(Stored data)
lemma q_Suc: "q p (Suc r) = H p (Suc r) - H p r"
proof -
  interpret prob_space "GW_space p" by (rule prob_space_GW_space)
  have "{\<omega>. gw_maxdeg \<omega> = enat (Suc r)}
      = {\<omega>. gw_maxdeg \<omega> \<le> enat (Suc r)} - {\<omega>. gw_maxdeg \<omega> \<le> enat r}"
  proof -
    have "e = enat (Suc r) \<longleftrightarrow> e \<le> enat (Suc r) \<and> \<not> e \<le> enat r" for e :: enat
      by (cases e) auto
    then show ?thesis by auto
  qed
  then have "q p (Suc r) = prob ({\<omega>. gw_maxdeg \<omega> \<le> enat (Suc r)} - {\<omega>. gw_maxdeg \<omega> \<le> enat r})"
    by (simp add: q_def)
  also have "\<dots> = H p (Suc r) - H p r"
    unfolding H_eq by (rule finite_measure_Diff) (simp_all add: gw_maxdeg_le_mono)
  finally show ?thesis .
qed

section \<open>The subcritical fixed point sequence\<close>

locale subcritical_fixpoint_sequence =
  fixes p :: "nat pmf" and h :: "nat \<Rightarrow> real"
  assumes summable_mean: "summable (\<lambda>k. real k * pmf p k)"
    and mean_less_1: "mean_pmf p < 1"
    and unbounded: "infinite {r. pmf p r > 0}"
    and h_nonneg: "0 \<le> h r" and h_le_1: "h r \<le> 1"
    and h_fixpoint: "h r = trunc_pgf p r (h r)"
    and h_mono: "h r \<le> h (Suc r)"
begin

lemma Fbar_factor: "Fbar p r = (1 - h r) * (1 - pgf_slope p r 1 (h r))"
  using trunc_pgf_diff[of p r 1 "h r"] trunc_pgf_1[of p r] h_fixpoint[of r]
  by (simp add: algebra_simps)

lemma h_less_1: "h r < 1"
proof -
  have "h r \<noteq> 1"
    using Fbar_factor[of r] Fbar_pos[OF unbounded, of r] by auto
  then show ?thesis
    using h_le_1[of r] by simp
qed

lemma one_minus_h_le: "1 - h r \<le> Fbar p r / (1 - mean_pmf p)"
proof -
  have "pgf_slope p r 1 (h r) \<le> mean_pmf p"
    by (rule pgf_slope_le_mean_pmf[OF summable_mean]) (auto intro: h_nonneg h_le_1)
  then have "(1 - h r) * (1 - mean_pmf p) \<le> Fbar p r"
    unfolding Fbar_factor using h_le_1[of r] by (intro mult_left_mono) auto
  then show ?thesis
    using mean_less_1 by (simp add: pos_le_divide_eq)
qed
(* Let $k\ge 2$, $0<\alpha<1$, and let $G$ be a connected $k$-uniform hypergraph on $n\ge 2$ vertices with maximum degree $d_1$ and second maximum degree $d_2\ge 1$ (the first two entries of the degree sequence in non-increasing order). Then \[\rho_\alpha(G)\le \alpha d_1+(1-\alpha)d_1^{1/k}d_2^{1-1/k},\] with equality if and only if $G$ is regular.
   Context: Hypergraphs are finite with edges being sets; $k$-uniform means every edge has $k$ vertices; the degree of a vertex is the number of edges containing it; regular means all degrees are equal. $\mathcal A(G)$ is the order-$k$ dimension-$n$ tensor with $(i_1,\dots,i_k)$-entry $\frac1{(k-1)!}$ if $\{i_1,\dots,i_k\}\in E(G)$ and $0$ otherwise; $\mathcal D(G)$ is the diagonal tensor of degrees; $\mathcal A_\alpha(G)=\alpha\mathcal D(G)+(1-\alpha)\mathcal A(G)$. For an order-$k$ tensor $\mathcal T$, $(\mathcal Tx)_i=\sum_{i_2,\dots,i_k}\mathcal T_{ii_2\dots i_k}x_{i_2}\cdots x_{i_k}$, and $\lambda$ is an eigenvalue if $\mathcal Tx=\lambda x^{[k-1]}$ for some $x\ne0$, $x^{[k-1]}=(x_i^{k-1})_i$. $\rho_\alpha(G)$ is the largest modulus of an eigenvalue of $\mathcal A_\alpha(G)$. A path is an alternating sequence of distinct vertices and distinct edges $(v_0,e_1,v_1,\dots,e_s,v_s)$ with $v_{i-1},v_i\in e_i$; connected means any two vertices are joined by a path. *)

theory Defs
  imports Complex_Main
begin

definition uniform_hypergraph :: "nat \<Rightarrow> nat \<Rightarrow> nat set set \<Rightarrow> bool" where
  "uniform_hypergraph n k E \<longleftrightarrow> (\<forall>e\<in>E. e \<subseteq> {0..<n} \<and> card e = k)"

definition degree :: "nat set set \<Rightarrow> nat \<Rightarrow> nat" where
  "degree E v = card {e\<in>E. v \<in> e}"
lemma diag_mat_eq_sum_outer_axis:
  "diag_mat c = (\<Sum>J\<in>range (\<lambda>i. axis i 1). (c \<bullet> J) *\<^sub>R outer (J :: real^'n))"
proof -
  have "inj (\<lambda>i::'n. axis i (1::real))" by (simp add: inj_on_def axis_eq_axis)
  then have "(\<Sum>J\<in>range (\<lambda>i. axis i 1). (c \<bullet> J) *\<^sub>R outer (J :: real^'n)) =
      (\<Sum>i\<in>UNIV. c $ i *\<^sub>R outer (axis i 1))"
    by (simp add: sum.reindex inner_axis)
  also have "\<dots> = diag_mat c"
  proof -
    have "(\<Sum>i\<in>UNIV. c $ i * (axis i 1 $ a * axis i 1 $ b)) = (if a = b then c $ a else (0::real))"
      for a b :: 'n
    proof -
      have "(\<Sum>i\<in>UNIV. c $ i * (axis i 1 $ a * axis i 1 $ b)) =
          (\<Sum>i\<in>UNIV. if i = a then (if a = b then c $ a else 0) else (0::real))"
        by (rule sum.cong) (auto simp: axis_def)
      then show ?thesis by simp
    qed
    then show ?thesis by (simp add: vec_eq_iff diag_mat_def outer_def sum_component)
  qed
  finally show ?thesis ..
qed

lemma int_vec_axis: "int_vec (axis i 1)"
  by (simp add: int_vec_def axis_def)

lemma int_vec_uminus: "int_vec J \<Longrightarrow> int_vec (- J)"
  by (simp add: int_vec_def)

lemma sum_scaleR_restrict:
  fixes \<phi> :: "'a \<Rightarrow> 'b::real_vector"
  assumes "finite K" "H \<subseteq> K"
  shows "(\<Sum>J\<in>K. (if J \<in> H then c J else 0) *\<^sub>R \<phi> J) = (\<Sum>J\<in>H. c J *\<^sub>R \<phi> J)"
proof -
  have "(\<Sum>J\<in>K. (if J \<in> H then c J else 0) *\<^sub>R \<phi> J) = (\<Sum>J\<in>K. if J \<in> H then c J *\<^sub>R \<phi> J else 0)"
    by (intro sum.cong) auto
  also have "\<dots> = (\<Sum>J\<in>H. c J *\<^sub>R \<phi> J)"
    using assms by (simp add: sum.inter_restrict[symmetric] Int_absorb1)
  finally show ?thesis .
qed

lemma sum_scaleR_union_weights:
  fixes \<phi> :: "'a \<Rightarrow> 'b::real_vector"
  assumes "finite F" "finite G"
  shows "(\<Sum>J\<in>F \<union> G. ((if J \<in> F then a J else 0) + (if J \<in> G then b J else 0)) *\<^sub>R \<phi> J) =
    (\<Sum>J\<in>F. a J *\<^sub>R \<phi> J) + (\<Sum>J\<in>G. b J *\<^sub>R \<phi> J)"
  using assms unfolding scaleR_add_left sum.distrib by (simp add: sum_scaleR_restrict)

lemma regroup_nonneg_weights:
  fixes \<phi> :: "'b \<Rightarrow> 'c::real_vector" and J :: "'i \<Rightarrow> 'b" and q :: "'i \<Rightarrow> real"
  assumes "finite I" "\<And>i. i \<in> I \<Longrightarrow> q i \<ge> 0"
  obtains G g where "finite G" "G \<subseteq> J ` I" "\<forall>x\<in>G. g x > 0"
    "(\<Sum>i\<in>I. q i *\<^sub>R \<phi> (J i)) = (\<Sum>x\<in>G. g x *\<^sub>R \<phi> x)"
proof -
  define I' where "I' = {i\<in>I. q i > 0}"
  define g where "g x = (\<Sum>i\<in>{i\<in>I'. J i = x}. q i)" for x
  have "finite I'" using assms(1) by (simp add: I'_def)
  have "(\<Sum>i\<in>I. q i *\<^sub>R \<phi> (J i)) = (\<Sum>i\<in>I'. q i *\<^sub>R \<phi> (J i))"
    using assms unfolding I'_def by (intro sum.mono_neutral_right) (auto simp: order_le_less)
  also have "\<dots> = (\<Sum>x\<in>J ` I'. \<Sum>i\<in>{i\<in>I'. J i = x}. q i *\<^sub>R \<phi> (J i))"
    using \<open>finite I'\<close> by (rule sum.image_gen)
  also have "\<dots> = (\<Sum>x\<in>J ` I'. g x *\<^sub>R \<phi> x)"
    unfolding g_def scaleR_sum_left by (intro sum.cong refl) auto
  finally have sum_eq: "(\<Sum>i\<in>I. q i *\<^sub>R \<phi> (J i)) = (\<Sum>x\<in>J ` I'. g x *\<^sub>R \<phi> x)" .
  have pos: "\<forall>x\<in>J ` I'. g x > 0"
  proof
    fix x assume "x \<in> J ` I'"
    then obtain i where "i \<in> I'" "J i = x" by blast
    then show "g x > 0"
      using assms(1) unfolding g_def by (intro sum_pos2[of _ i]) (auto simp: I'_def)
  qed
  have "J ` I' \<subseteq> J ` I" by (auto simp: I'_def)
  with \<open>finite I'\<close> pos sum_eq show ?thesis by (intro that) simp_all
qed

--

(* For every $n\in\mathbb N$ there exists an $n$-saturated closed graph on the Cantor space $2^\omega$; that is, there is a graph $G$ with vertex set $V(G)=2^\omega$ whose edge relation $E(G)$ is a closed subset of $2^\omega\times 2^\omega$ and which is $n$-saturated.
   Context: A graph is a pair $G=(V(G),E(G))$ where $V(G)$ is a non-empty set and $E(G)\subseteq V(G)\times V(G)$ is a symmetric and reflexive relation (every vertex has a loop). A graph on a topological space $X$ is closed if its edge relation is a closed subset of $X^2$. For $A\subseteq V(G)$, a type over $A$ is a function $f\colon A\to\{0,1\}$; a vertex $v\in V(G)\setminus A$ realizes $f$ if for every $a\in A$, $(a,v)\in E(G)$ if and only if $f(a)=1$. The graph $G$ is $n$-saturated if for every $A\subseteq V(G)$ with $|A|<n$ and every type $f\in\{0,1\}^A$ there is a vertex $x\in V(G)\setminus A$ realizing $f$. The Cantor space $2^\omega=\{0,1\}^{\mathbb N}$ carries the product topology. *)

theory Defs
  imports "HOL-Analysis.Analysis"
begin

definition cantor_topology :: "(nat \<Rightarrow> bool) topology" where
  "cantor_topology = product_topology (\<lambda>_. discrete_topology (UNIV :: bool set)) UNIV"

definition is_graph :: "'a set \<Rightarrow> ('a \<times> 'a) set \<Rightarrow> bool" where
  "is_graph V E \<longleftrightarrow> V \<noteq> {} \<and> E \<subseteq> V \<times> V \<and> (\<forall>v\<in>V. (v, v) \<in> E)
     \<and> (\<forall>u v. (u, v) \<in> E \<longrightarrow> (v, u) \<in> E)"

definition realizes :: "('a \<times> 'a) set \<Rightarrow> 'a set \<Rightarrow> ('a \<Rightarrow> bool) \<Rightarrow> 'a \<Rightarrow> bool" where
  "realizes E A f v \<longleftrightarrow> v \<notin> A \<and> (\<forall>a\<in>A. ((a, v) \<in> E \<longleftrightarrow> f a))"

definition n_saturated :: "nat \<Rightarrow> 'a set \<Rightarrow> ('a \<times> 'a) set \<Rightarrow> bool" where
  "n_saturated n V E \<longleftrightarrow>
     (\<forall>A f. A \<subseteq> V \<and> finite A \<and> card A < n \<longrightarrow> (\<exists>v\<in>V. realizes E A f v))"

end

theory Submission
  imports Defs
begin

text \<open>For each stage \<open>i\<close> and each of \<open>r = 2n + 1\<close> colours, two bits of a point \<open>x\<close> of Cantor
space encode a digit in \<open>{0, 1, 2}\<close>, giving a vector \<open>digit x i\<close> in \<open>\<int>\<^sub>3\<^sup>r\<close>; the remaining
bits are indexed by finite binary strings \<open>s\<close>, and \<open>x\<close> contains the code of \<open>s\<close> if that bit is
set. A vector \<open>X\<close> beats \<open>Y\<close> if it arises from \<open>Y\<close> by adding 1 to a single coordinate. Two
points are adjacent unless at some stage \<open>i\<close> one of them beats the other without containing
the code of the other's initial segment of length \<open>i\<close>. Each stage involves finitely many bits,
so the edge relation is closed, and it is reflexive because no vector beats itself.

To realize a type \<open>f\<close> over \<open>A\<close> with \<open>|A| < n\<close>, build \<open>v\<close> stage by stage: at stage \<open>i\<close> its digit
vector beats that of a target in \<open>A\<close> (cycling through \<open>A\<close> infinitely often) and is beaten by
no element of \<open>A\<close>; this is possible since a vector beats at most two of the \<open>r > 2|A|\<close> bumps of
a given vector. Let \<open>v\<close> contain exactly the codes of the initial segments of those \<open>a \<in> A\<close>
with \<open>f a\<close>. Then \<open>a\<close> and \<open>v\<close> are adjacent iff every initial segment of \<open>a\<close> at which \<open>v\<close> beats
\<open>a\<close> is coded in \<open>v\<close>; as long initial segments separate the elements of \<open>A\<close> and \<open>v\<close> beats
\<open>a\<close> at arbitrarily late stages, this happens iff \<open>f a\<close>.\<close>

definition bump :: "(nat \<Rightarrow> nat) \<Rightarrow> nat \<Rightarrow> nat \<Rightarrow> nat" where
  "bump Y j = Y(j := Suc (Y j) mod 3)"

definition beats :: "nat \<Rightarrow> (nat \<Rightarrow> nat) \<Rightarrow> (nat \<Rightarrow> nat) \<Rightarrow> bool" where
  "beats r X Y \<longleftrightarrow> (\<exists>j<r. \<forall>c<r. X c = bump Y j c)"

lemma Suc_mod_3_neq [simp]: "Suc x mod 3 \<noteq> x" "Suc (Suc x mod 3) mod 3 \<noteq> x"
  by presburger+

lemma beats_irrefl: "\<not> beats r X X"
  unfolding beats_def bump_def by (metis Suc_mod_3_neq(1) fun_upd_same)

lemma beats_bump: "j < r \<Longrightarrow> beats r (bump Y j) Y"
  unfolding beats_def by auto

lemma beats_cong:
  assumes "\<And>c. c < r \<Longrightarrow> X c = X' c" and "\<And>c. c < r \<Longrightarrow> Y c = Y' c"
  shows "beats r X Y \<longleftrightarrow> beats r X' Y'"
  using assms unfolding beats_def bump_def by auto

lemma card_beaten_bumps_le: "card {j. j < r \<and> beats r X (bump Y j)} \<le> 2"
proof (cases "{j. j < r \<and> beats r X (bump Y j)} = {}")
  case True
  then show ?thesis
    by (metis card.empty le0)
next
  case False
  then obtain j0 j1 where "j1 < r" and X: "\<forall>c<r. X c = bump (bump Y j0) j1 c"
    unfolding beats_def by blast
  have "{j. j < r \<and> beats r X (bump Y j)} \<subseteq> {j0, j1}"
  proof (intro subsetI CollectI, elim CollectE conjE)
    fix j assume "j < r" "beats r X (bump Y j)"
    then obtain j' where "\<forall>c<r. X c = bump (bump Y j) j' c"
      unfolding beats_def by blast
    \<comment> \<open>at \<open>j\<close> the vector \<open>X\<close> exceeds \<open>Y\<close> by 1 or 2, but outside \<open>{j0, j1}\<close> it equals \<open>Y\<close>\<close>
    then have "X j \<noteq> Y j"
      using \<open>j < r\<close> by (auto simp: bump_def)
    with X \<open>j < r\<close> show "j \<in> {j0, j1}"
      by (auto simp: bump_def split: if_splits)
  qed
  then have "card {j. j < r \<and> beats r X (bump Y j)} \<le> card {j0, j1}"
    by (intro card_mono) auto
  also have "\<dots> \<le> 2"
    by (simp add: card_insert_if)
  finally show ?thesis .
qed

== Try it ==
Look above for the line holding "product_topology (\<lambda>_. discrete_topology", then set down exactly that line and every line after it up to and including the line holding "(\<forall>u v. (u, v)", with nothing else.

== Answer to this task ==
  "cantor_topology = product_topology (\<lambda>_. discrete_topology (UNIV :: bool set)) UNIV"

definition is_graph :: "'a set \<Rightarrow> ('a \<times> 'a) set \<Rightarrow> bool" where
  "is_graph V E \<longleftrightarrow> V \<noteq> {} \<and> E \<subseteq> V \<times> V \<and> (\<forall>v\<in>V. (v, v) \<in> E)
     \<and> (\<forall>u v. (u, v) \<in> E \<longrightarrow> (v, u) \<in> E)"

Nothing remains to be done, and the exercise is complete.